Tous tentent de vivre d’une agriculture différente, responsable et à petite échelle. «C’est un autre retour à la terre, mais pas de hippies rêveurs, de gens éduqués qui font des projets qui se tiennent et qui nourrissent les communautés», résume dans le film Maude-Hélène Desroches, des Jardins de la Grelinette.

Marc Séguin – agriculteur pour lui-même, militant pour les autres – leur a donné la parole pour essayer de voir comment l’État pourrait leur faire une plus grande place.

Est-ce que côtoyer ces gens dynamiques et novateurs, mais qui évoluent dans un système mal adapté à eux, vous a encouragé ou découragé quant à l’avenir de l’agriculture au Québec?
En fait, le film dresse un portrait [de ce qui se passe] en ce moment. Je pense qu’il y a urgence d’agir. Il y a un avenir possible, mais pour qu’il soit réellement possible, il y aura des décisions à prendre, des orientations à donner. J’ai fait le pari de montrer des belles personnes, qui font des beaux projets et qui ont des belles idées, en me disant que ça pourrait inspirer des gens ou à tout le moins informer la population. Peut-être qu’après ça on va se trouver encore plus stupide de ne pas prendre ce virage-là, sachant que ça existe.

«[Les consommateurs] veulent des prix compétitifs, des produits bio, des marchés de proximité. Orientons les subventions et les moyens vers ça.» –Marc Séguin, réalisateur de La ferme et son État

Un des constats qui ressort de votre film, c’est qu’il ne semble pas y avoir de place pour la petite agriculture au Québec, pour les artisans. Est-ce le cas?
Non, il n’y a pas de place. Ils ont une place parce qu’ils l’ont prise. Les gens qui ont de nouvelles idées trouvent la brèche dans le système, et ils s’implantent là. Ils imposent leur modèle et leurs idées en faisant des belles choses. Mais ils sont limités. Tant qu’ils font leur petit truc, c’est correct, on les laisse là, ça fait du bien, ça fait des émissions de télé ou des articles, ça calme les gens qui demandent plus de responsabilités et d’écologie. Mais la solution est beaucoup plus complexe que ça.

Une intervenante dit qu’on a besoin d’un nouveau contrat social entre les agriculteurs et le politique. Est-ce que le gouvernement est le seul responsable de cet immobilisme dans le monde agricole?
C’est une grande question que tout le monde se pose encore. Est-ce que c’est parce qu’on est trop syndiqué? Parce que l’agriculture est contrôlée par des syndicats qui font d’immenses profits et qui ne veulent pas que les choses changent? Je crois que l’agriculture, comme n’importe quel domaine, évolue et change.

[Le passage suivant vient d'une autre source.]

(* Let $\Delta \subseteq N_\mathbb{R}$ be a reflexive polytope (of any dimension $d$) and let $\Sigma$ be a $\Delta$-maximal fan. Then: (1) every cone of $\Sigma$ of dimension at most $3$ is unimodular; in particular the toric variety $X(\Sigma)$ has singular locus of codimension $\geq 4$; (2) every $4$-dimensional cone of $\Sigma$ that is not contained in a maximal cone of $\Sigma(\Delta)$ is unimodular; in particular the toric variety $X(\Sigma^{[4]})$ is Gorenstein.
   Context: $N \cong \mathbb{Z}^d$ is a lattice, $M = \mathrm{Hom}(N,\mathbb{Z})$ its dual, $N_\mathbb{R} = N\otimes\mathbb{R}$, $M_\mathbb{R}=M\otimes \mathbb{R}$, and $\langle\,,\rangle$ the natural pairing. A lattice polytope $\Delta\subseteq N_\mathbb{R}$ with the origin in its interior is reflexive if $\Delta^* = \{m\in M_\mathbb{R} : \langle m,n\rangle \ge -1 \text{ for all } n\in\Delta\}$ is a lattice polytope. $\Sigma(\Delta)$ denotes the fan of cones over the proper faces of $\Delta$. A fan $\Sigma$ in $N_\mathbb{R}$ is $\Delta$-maximal if (1) its set of rays equals the set of rays through the nonzero lattice points of $\Delta$, and (2) $\Sigma$ is complete and simplicial (it need not subdivide $\Sigma(\Delta)$ nor be projective). A cone is unimodular if it is spanned by part of a lattice basis of $N$. $X(\Sigma)$ denotes the toric variety of a fan $\Sigma$, and $\Sigma^{[n]}$ the subfan of cones of dimension at most $n$. *)

theory Defs
  imports "HOL-Analysis.Analysis"
begin

text \<open>The lattice N is the integer points of real^'n; M is identified with N via the
  standard inner product.\<close>

definition lattice_pt :: "real^'n \<Rightarrow> bool" where
  "lattice_pt x \<longleftrightarrow> (\<forall>i. x $ i \<in> \<int>)"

Les discussions ont déjà été faites [au cours de la Commission sur l’avenir de l’agriculture et de l’agroalimentaire québécois en 2008, notamment], et de gouvernement en gouvernement, on reporte ça. On a assez débattu, c’est le temps de prendre des décisions et de se doter enfin d’une politique agricole.

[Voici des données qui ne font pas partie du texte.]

fun prune2 :: "tree \<Rightarrow> nat set \<Rightarrow> tree" where
  "prune2 Leaf R = Leaf"
| "prune2 (Node s t) R =
     (let j = isize s + 1; S = {x \<in> R. x < j}; T = (\<lambda>x. x - j) ` {x \<in> R. j < x} in
      if j \<in> R then prune2 t T else Node (prune2 s S) (prune2 t T))"

end

theory Submission
  imports Defs
begin

text \<open>The map \<open>\<lambda>\<close> sends a word of distinct integers to its decreasing tree (the maximum is
  the root, the factors on its left and right give the subtrees), and the decreasing tree only
  depends on the relative order of the entries. So \<open>r|\<^sub>R\<close> is the decreasing tree of the
  subword of \<open>\<gamma>(r)\<close> at the positions in \<open>R\<close>, with no standardization in between.
  For \<open>r = s \<or> t\<close>, \<open>\<gamma>(r)\<close> is \<open>\<gamma>(s)\<close> shifted above all entries of \<open>\<gamma>(t)\<close>, then the
  maximum, then \<open>\<gamma>(t)\<close>. If the root is in \<open>R\<close>, admissibility puts all of \<open>s\<close> into \<open>R\<close>:
  the subword is the whole shifted \<open>\<gamma>(s)\<close>, the maximum, and a subword of \<open>\<gamma>(t)\<close>, giving
  \<open>s \<or> t'\<close>, while the complementary subword lies inside \<open>\<gamma>(t)\<close>. If the root is not in
  \<open>R\<close>, the subword is a word whose entries all dominate those of the word following it, and
  the decreasing tree of such a concatenation is the under product of the two decreasing trees;
  the complementary subword now contains the maximum and gives \<open>s'' \<or> t''\<close>.\<close>

function dec_tree :: "nat list \<Rightarrow> tree" where
  "dec_tree [] = Leaf"
| "dec_tree (a # xs) =
     (let k = length (takeWhile (\<lambda>x. x \<noteq> Max (set (a # xs))) (a # xs))
      in Node (dec_tree (take k (a # xs))) (dec_tree (drop (Suc k) (a # xs))))"
  by pat_completeness auto
termination
proof (relation "measure length")
  fix a xs k
  assume "k = length (takeWhile (\<lambda>x. x \<noteq> Max (set (a # xs))) (a # xs))"
  moreover have "Max (set (a # xs)) \<in> set (a # xs)" by (rule Max_in) auto
  ultimately show "(take k (a # xs), a # xs) \<in> measure length"
    using takeWhile_lt_helper by (metis in_measure length_take min_less_iff_disj)
qed auto

lemma split_at_Max:
  fixes xs :: "'a::linorder list"
  assumes "xs \<noteq> []"
  obtains as m bs where "xs = as @ m # bs" "\<forall>x\<in>set as. x < m" "\<forall>x\<in>set bs. x \<le> m"
proof -
  have "Max (set xs) \<in> set xs" using assms by simp
  then obtain as bs where xs: "xs = as @ Max (set xs) # bs" and "Max (set xs) \<notin> set as"
    by (metis split_list_first)
  have "\<forall>x\<in>set xs. x \<le> Max (set xs)" by simp
  with xs \<open>Max (set xs) \<notin> set as\<close> have "\<forall>x\<in>set as. x < Max (set xs)"
    by (metis Un_iff order_le_neq_trans set_append)
  moreover have "\<forall>x\<in>set bs. x \<le> Max (set xs)"
    using xs by (metis Max_ge List.finite_set Un_iff list.set_intros(2) set_append)
  ultimately show thesis using that xs by blast
qed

La transformation doit aussi venir des consommateurs…
Oui. Si un boucher se fait demander un poulet de pâturage par mois, ça ne sert à rien qu’il trouve un producteur et lui commande du poulet pour un client. Mais s’il y en a 20 par semaine, il va changer et offrir le produit. Moi, je ne pense pas que la solution viendra de la transformation des grandes surfaces, par contre. Je pense qu’on gagnerait à avoir plus de marchés publics, plus de marchés de proximité, et qu’on devrait laisser les producteurs abattre et vendre à la ferme. On doit raccourcir le lien entre le consommateur et le producteur.

Et à la base de tout ça, il y a véritablement un besoin de réorienter les subventions. Le poulet que tu paies 6$, c’est parce qu’il est subventionné qu’il coûte ce prix-là. Un poulet, ça coûte plus cher que ça. Si on augmentait les subventions aux producteurs qui font du poulet de pâturage, il coûterait peut-être 15 ou 16$ au lieu d’en coûter 25. Il serait plus compétitif.

La ferme et son État, en salle dès demain.